§ **DESCRIPTION OF THE TASK**: Only the lines below starting at the one that contains "unfolding c_def C_def using Max_pcost_pos" and ending at the one that contains "by (simp add: nat_le_iff floor_le_iff)" are to be reproduced, exactly and with both ends kept.
LISTED ENTRIES: Begin
(* Let $f$ be a participatory budgeting rule that satisfies Extended Justified Representation (EJR). Then for every ordinary approval-based PB instance $I=(N,\mathcal{T},B,\mathrm{cost},\mathcal{A})$ and every nonempty $T\subseteq\mathcal{T}$, \[ d_f(T)\;\ge\;\frac{\min_{t\in T}\mathrm{cost}(t)}{\max_{t\in T}\mathrm{cost}(t)}\cdot\frac{1}{2}\cdot\left(\frac{\mathrm{cost}(T)}{\max_{t\in T}\mathrm{cost}(t)}-1\right). \]
   Context: An approval-based PB instance is $I=(N,\mathcal{T},B,\mathrm{cost},\mathcal{A})$: $N$ is a set of $n$ voters, $\mathcal{T}$ a finite set of projects, $B>0$ a budget, $\mathrm{cost}:\mathcal{T}\to\mathbb{R}_{>0}$, with $\mathrm{cost}(S)=\sum_{t\in S}\mathrm{cost}(t)$, and $A_i\subseteq\mathcal{T}$ the projects approved by voter $i$. A PB rule $f$ maps each instance to $f(I)\subseteq\mathcal{T}$ with $\mathrm{cost}(f(I))\le B$. The instance is ordinary if $\mathrm{cost}(t)\cdot n\ge B$ for every project $t\in\mathcal{T}$. For $T\subseteq\mathcal{T}$, $V\subseteq N$ is $T$-cohesive if $T\subseteq\bigcap_{i\in V}A_i$ and $\mathrm{cost}(T)/B\le|V|/n$; $\mathcal{V}(T)$ is the set of all $T$-cohesive groups. $\mathrm{avg}_W(V)=\frac{1}{|V|}\sum_{i\in V}|W\cap A_i|$. The proportionality degree is $d_f(T)=\sup\{g:\ \min_{V\in\mathcal{V}(T)}\mathrm{avg}_{f(I)}(V)\ge\min(|T|,g)\}$. A rule $f$ satisfies EJR if for every instance $I$, every $T\subseteq\mathcal{T}$ and every $T$-cohesive group $V$, there is a voter $i\in V$ with $|A_i\cap f(I)|\ge|T|$. *)

theory Defs
  imports Complex_Main "HOL-Library.Extended_Real"
begin

record ('v, 'p) pb_instance =
  voters   :: "'v set"
  projects :: "'p set"
  budget   :: real
  pcost    :: "'p \<Rightarrow> real"
  appr     :: "'v \<Rightarrow> 'p set"

definition cost_set :: "('v, 'p) pb_instance \<Rightarrow> 'p set \<Rightarrow> real" where
  "cost_set I S = (\<Sum>t\<in>S. pcost I t)"

definition valid_instance :: "('v, 'p) pb_instance \<Rightarrow> bool" where
  "valid_instance I \<longleftrightarrow>
     finite (voters I) \<and> voters I \<noteq> {} \<and>
     finite (projects I) \<and>
     budget I > 0 \<and>
     (\<forall>t\<in>projects I. pcost I t > 0) \<and>
     (\<forall>i\<in>voters I. appr I i \<subseteq> projects I)"

definition ordinary :: "('v, 'p) pb_instance \<Rightarrow> bool" where
  "ordinary I \<longleftrightarrow> (\<forall>t\<in>projects I. pcost I t * real (card (voters I)) \<ge> budget I)"

definition pb_rule :: "(('v, 'p) pb_instance \<Rightarrow> 'p set) \<Rightarrow> bool" where
  "pb_rule f \<longleftrightarrow> (\<forall>I. valid_instance I \<longrightarrow>
       f I \<subseteq> projects I \<and> cost_set I (f I) \<le> budget I)"

definition cohesive :: "('v, 'p) pb_instance \<Rightarrow> 'p set \<Rightarrow> 'v set \<Rightarrow> bool" where
  "cohesive I T V \<longleftrightarrow> V \<subseteq> voters I \<and> V \<noteq> {} \<and>
     (\<forall>i\<in>V. T \<subseteq> appr I i) \<and>
     cost_set I T / budget I \<le> real (card V) / real (card (voters I))"

definition avg_sat :: "('v, 'p) pb_instance \<Rightarrow> 'p set \<Rightarrow> 'v set \<Rightarrow> real" where
  "avg_sat I W V = (\<Sum>i\<in>V. real (card (W \<inter> appr I i))) / real (card V)"

definition EJR :: "(('v, 'p) pb_instance \<Rightarrow> 'p set) \<Rightarrow> bool" where
  "EJR f \<longleftrightarrow> (\<forall>I T V. valid_instance I \<longrightarrow> T \<subseteq> projects I \<longrightarrow> cohesive I T V \<longrightarrow>
       (\<exists>i\<in>V. card (appr I i \<inter> f I) \<ge> card T))"

text \<open>Proportionality degree d_f(T) (in the extended reals; the minimum over the
  finite family of T-cohesive groups is unfolded to a universal quantifier,
  with the convention min over the empty family = +infinity).\<close>
definition prop_degree ::
    "(('v, 'p) pb_instance \<Rightarrow> 'p set) \<Rightarrow> ('v, 'p) pb_instance \<Rightarrow> 'p set \<Rightarrow> ereal" where
  "prop_degree f I T = Sup {ereal g | g. \<forall>V. cohesive I T V \<longrightarrow>
       avg_sat I (f I) V \<ge> min (real (card T)) g}"

end

theory Submission
  imports Defs
begin

text \<open>
  Let V be T-cohesive, c the maximal cost in T and y = cost(T) / c. For 1 \<le> j \<le> |T| pick
  S \<subseteq> T with |S| = j; as cost(S) \<le> j c, the voters of V with fewer than j approved winners
  would form an S-cohesive group if there were at least j c n / B \<le> j |V| / y of them, which
  EJR forbids. Summing the layers j = 1, ..., \<lfloor>y\<rfloor> of the satisfaction counts gives
  total satisfaction \<ge> |V| (\<Sum>j = 1..\<lfloor>y\<rfloor>. 1 - j / y) \<ge> |V| (y - 1) / 2.
\<close>

lemma sum_card_atLeast_le_sum:
  fixes s :: "'a \<Rightarrow> nat"
  assumes "finite V"
  shows "(\<Sum>j\<in>{1..m}. card {i\<in>V. j \<le> s i}) \<le> (\<Sum>i\<in>V. s i)"
proof -
  have "(\<Sum>j\<in>{1..m}. card {i\<in>V. j \<le> s i})
      = (\<Sum>j\<in>{1..m}. \<Sum>i\<in>V. if j \<le> s i then 1 else 0)"
    using assms by (simp flip: sum.inter_filter)
  also have "\<dots> = (\<Sum>i\<in>V. \<Sum>j\<in>{1..m}. if j \<le> s i then 1 else 0)"
    by (rule sum.swap)
  also have "\<dots> = (\<Sum>i\<in>V. min m (s i))"
  proof (rule sum.cong)
    fix i
    have "{j\<in>{1..m}. j \<le> s i} = {1..min m (s i)}" by auto
    then show "(\<Sum>j\<in>{1..m}. if j \<le> s i then 1 else 0) = min m (s i)"
      by (simp flip: sum.inter_filter)
  qed simp
  also have "\<dots> \<le> (\<Sum>i\<in>V. s i)"
    by (intro sum_mono) simp
  finally show ?thesis .
qed

lemma sum_one_minus_div_floor_ge:
  fixes y :: real
  assumes "y > 0"
  shows "(y - 1) / 2 \<le> (\<Sum>j\<in>{1..nat \<lfloor>y\<rfloor>}. 1 - real j / y)"
proof -
  define m where "m = nat \<lfloor>y\<rfloor>"
  have m: "real m \<le> y" "y < real m + 1"
    using assms unfolding m_def by linarith+
  have "(\<Sum>j\<in>{1..m}. real j) = real m * (real m + 1) / 2"
    using double_gauss_sum_from_Suc_0[of m, where 'a = real] by simp
  then have "(\<Sum>j\<in>{1..m}. 1 - real j / y) = real m - real m * (real m + 1) / (2 * y)"
    by (simp only: sum_subtractf flip: sum_divide_distrib) simp
  moreover have "(y - real m) * (y - real m - 1) \<le> 0"
    using m by (intro mult_nonneg_nonpos) auto
  then have "y * y - (2 * real m + 1) * y + real m * (real m + 1) \<le> 0"
    by (simp add: algebra_simps)
  then have "(y - 1) / 2 \<le> real m - real m * (real m + 1) / (2 * y)"
    using assms by (simp add: field_simps)
  ultimately show ?thesis
    unfolding m_def by simp
qed

lemma avg_sat_nonneg: "0 \<le> avg_sat I W V"
  unfolding avg_sat_def by (intro divide_nonneg_nonneg sum_nonneg) auto

lemma prop_degree_ge_if_avg_sat_ge:
  assumes "\<And>V. cohesive I T V \<Longrightarrow> g \<le> avg_sat I (f I) V"
  shows "ereal g \<le> prop_degree f I T"
  unfolding prop_degree_def
  by (rule Sup_upper) (use assms in \<open>auto intro: min.coboundedI2\<close>)

lemma card_filter_add_card_filter_not:
  assumes "finite A"
  shows "card {x\<in>A. P x} + card {x\<in>A. \<not> P x} = card A"
proof -
  have "card A = card ({x\<in>A. P x} \<union> {x\<in>A. \<not> P x})"
    by (rule arg_cong[where f = card]) auto
  also have "\<dots> = card {x\<in>A. P x} + card {x\<in>A. \<not> P x}"
    using assms by (intro card_Un_disjoint) auto
  finally show ?thesis by simp
qed

lemma cost_set_pos:
  assumes "valid_instance I" "S \<subseteq> projects I" "S \<noteq> {}"
  shows "cost_set I S > 0"
  using assms finite_subset unfolding valid_instance_def cost_set_def
  by (intro sum_pos) auto

lemma Max_pcost_pos:
  assumes "valid_instance I" "T \<subseteq> projects I" "T \<noteq> {}"
  shows "Max (pcost I ` T) > 0"
proof -
  have "finite T"
    using assms(1,2) finite_subset unfolding valid_instance_def by auto
  then have "Max (pcost I ` T) \<in> pcost I ` T"
    using assms(3) by (intro Max_in) auto
  then show ?thesis
    using assms(1,2) unfolding valid_instance_def by auto
qed

lemma cost_set_le_card_mult_Max:
  assumes "valid_instance I" "T \<subseteq> projects I" "S \<subseteq> T"
  shows "cost_set I S \<le> real (card S) * Max (pcost I ` T)"
proof -
  have "finite T"
    using assms(1,2) finite_subset unfolding valid_instance_def by auto
  then show ?thesis
    unfolding cost_set_def by (intro sum_bounded_above) (use assms(3) in auto)
qed

lemma EJR_unsatisfied_share_less:
  assumes "EJR f" "valid_instance I" "S \<subseteq> projects I" "S \<noteq> {}"
    and "V \<subseteq> voters I" "\<forall>i\<in>V. S \<subseteq> appr I i"
  shows "real (card {i\<in>V. card (appr I i \<inter> f I) < card S}) / real (card (voters I))
           < cost_set I S / budget I"
proof (rule ccontr)
  define U where "U = {i\<in>V. card (appr I i \<inter> f I) < card S}"
  assume "\<not> ?thesis"
  then have share: "cost_set I S / budget I \<le> real (card U) / real (card (voters I))"
    unfolding U_def by simp
  have "cost_set I S / budget I > 0"
    using cost_set_pos[OF assms(2-4)] assms(2) unfolding valid_instance_def by simp
  with share have "U \<noteq> {}" by auto
  with share have "cohesive I S U"
    unfolding cohesive_def U_def using assms(5,6) by auto
  then obtain i where "i \<in> U" "card S \<le> card (appr I i \<inter> f I)"
    using assms(1-3) unfolding EJR_def by blast
  then show False unfolding U_def by simp
qed

lemma EJR_cohesive_card_satisfied_ge:
  assumes "EJR f" "valid_instance I" "T \<subseteq> projects I" "cohesive I T V" "j \<in> {1..card T}"
  shows "real (card V) * (1 - real j * Max (pcost I ` T) / cost_set I T)
           \<le> real (card {i\<in>V. j \<le> card (appr I i \<inter> f I)})"
proof -
  define n where "n = real (card (voters I))"
  define s where "s = real (card V)"
  define u where "u = real (card {i\<in>V. card (appr I i \<inter> f I) < j})"
  define B where "B = budget I"
  define C where "C = cost_set I T"
  define c where "c = Max (pcost I ` T)"
  have V: "V \<subseteq> voters I" "V \<noteq> {}" "\<forall>i\<in>V. T \<subseteq> appr I i" "C / B \<le> s / n"
    using assms(4) unfolding cohesive_def C_def B_def s_def n_def by auto
  have "finite (voters I)" "B > 0"
    using assms(2) unfolding valid_instance_def B_def by auto
  then have "finite V" "n > 0"
    using V(1,2) finite_subset unfolding n_def by (auto simp: card_gt_0_iff)
  obtain S where S: "S \<subseteq> T" "card S = j"
    using obtain_subset_with_card_n[of j T] assms(5) by auto
  then have "S \<noteq> {}" "T \<noteq> {}"
    using assms(5) by auto
  have "C > 0" "c > 0"
    unfolding C_def c_def using cost_set_pos Max_pcost_pos assms(2,3) \<open>T \<noteq> {}\<close> by auto
  have "u / n < cost_set I S / B"
    using EJR_unsatisfied_share_less[OF assms(1,2) _ \<open>S \<noteq> {}\<close> V(1)] S V(3) assms(3)
    unfolding u_def n_def B_def by auto
  also have "\<dots> \<le> real j * c / B"
    using cost_set_le_card_mult_Max[OF assms(2,3) S(1)] S(2) \<open>B > 0\<close>
    unfolding c_def by (simp add: divide_right_mono)
  also have "\<dots> = real j * c / C * (C / B)"
    using \<open>C > 0\<close> by simp
  also have "\<dots> \<le> real j * c / C * (s / n)"
    using V(4) \<open>c > 0\<close> \<open>C > 0\<close> by (intro mult_left_mono) auto
  also have "\<dots> = s * (real j * c / C) / n"
    by simp
  finally have "u < s * (real j * c / C)"
    using \<open>n > 0\<close> by (simp only: divide_less_cancel)
  moreover have "real (card {i\<in>V. j \<le> card (appr I i \<inter> f I)}) + u = s"
    using card_filter_add_card_filter_not[OF \<open>finite V\<close>, of "\<lambda>i. j \<le> card (appr I i \<inter> f I)"]
    unfolding u_def s_def by (simp add: not_le flip: of_nat_add)
  moreover have "s * (1 - real j * c / C) = s - s * (real j * c / C)"
    by (simp add: algebra_simps)
  ultimately show ?thesis
    unfolding C_def c_def s_def by linarith
qed

lemma EJR_cohesive_avg_sat_ge:
  assumes "EJR f" "valid_instance I" "T \<subseteq> projects I" "T \<noteq> {}" "cohesive I T V"
  shows "(cost_set I T / Max (pcost I ` T) - 1) / 2 \<le> avg_sat I (f I) V"
proof -
  define sat where "sat i = card (appr I i \<inter> f I)" for i
  define s where "s = real (card V)"
  define C where "C = cost_set I T"
  define c where "c = Max (pcost I ` T)"
  define y where "y = C / c"
  have fin: "finite T" "finite V"
    using assms(2,3,5) finite_subset unfolding valid_instance_def cohesive_def by auto
  have "s > 0"
    using assms(5) fin(2) unfolding cohesive_def s_def by (auto simp: card_gt_0_iff)
  have "c > 0" "C > 0"
    unfolding c_def C_def using Max_pcost_pos cost_set_pos assms(2-4) by auto
  have "C \<le> real (card T) * c"
    unfolding C_def c_def using cost_set_le_card_mult_Max[OF assms(2,3)] by simp
  then have "y \<le> real (card T)"
    using \<open>c > 0\<close> unfolding y_def by (simp add: field_simps)
  then have "nat \<lfloor>y\<rfloor> \<le> card T"
    by (simp add: nat_le_iff floor_le_iff)
  have "y > 0" unfolding y_def using \<open>C > 0\<close> \<open>c > 0\<close> by simp
  then have "s * ((y - 1) / 2) \<le> s * (\<Sum>j\<in>{1..nat \<lfloor>y\<rfloor>}. 1 - real j / y)"
    using \<open>s > 0\<close> by (intro mult_left_mono sum_one_minus_div_floor_ge) auto
  also have "\<dots> = (\<Sum>j\<in>{1..nat \<lfloor>y\<rfloor>}. s * (1 - real j * c / C))"
    unfolding y_def by (simp add: sum_distrib_left)
  also have "\<dots> \<le> (\<Sum>j\<in>{1..nat \<lfloor>y\<rfloor>}. real (card {i\<in>V. j \<le> sat i}))"
    using EJR_cohesive_card_satisfied_ge[OF assms(1-3,5)] \<open>nat \<lfloor>y\<rfloor> \<le> card T\<close>
    unfolding s_def C_def c_def sat_def by (intro sum_mono) auto
  also have "\<dots> \<le> (\<Sum>i\<in>V. real (sat i))"
    using sum_card_atLeast_le_sum[OF fin(2), where m = "nat \<lfloor>y\<rfloor>" and s = sat]
    by (simp flip: of_nat_sum)
  also have "\<dots> = s * avg_sat I (f I) V"
    using \<open>s > 0\<close> unfolding avg_sat_def s_def sat_def by (simp add: Int_commute)
  finally show ?thesis
    using \<open>s > 0\<close> unfolding y_def C_def c_def by simp
qed

theorem theorem3:
  fixes f :: "('v, 'p) pb_instance \<Rightarrow> 'p set"
    and I :: "('v, 'p) pb_instance"
    and T :: "'p set"
  assumes "pb_rule f"
    and "EJR f"
    and "valid_instance I"
    and "ordinary I"
    and "T \<subseteq> projects I"
    and "T \<noteq> {}"
  shows "prop_degree f I T \<ge>
    ereal (Min (pcost I ` T) / Max (pcost I ` T) * (1 / 2) *
           (cost_set I T / Max (pcost I ` T) - 1))"
proof (rule prop_degree_ge_if_avg_sat_ge)
  fix V assume "cohesive I T V"
  define r where "r = Min (pcost I ` T) / Max (pcost I ` T)"
  define x where "x = (cost_set I T / Max (pcost I ` T) - 1) / 2"
  have "finite T"
    using assms(3,5) finite_subset unfolding valid_instance_def by auto
  then have "Min (pcost I ` T) \<in> pcost I ` T"
    using assms(6) by (intro Min_in) auto
  then have "0 < Min (pcost I ` T)"
    using assms(3,5) unfolding valid_instance_def by auto
  moreover have "Min (pcost I ` T) \<le> Max (pcost I ` T)"
    using \<open>finite T\<close> assms(6) by (simp add: Min_le_iff Max_ge_iff)
  ultimately have "0 \<le> r" "r \<le> 1"
    unfolding r_def using Max_pcost_pos[OF assms(3,5,6)] by auto
  then have "r * x \<le> max 0 x"
    by (cases "0 \<le> x") (auto intro: mult_left_le_one_le mult_nonneg_nonpos)
  also have "max 0 x \<le> avg_sat I (f I) V"
    unfolding x_def using EJR_cohesive_avg_sat_ge[OF assms(2,3,5,6) \<open>cohesive I T V\<close>] avg_sat_nonneg
    by simp
  finally show "Min (pcost I ` T) / Max (pcost I ` T) * (1 / 2) *
      (cost_set I T / Max (pcost I ` T) - 1) \<le> avg_sat I (f I) V"
    unfolding r_def x_def by (simp add: mult.assoc)
qed

end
LISTED ENTRIES: End
§ **ANSWER FOR THE TASK**:
    unfolding c_def C_def using Max_pcost_pos cost_set_pos assms(2-4) by auto
  have "C \<le> real (card T) * c"
    unfolding C_def c_def using cost_set_le_card_mult_Max[OF assms(2,3)] by simp
  then have "y \<le> real (card T)"
    using \<open>c > 0\<close> unfolding y_def by (simp add: field_simps)
  then have "nat \<lfloor>y\<rfloor> \<le> card T"
    by (simp add: nat_le_iff floor_le_iff)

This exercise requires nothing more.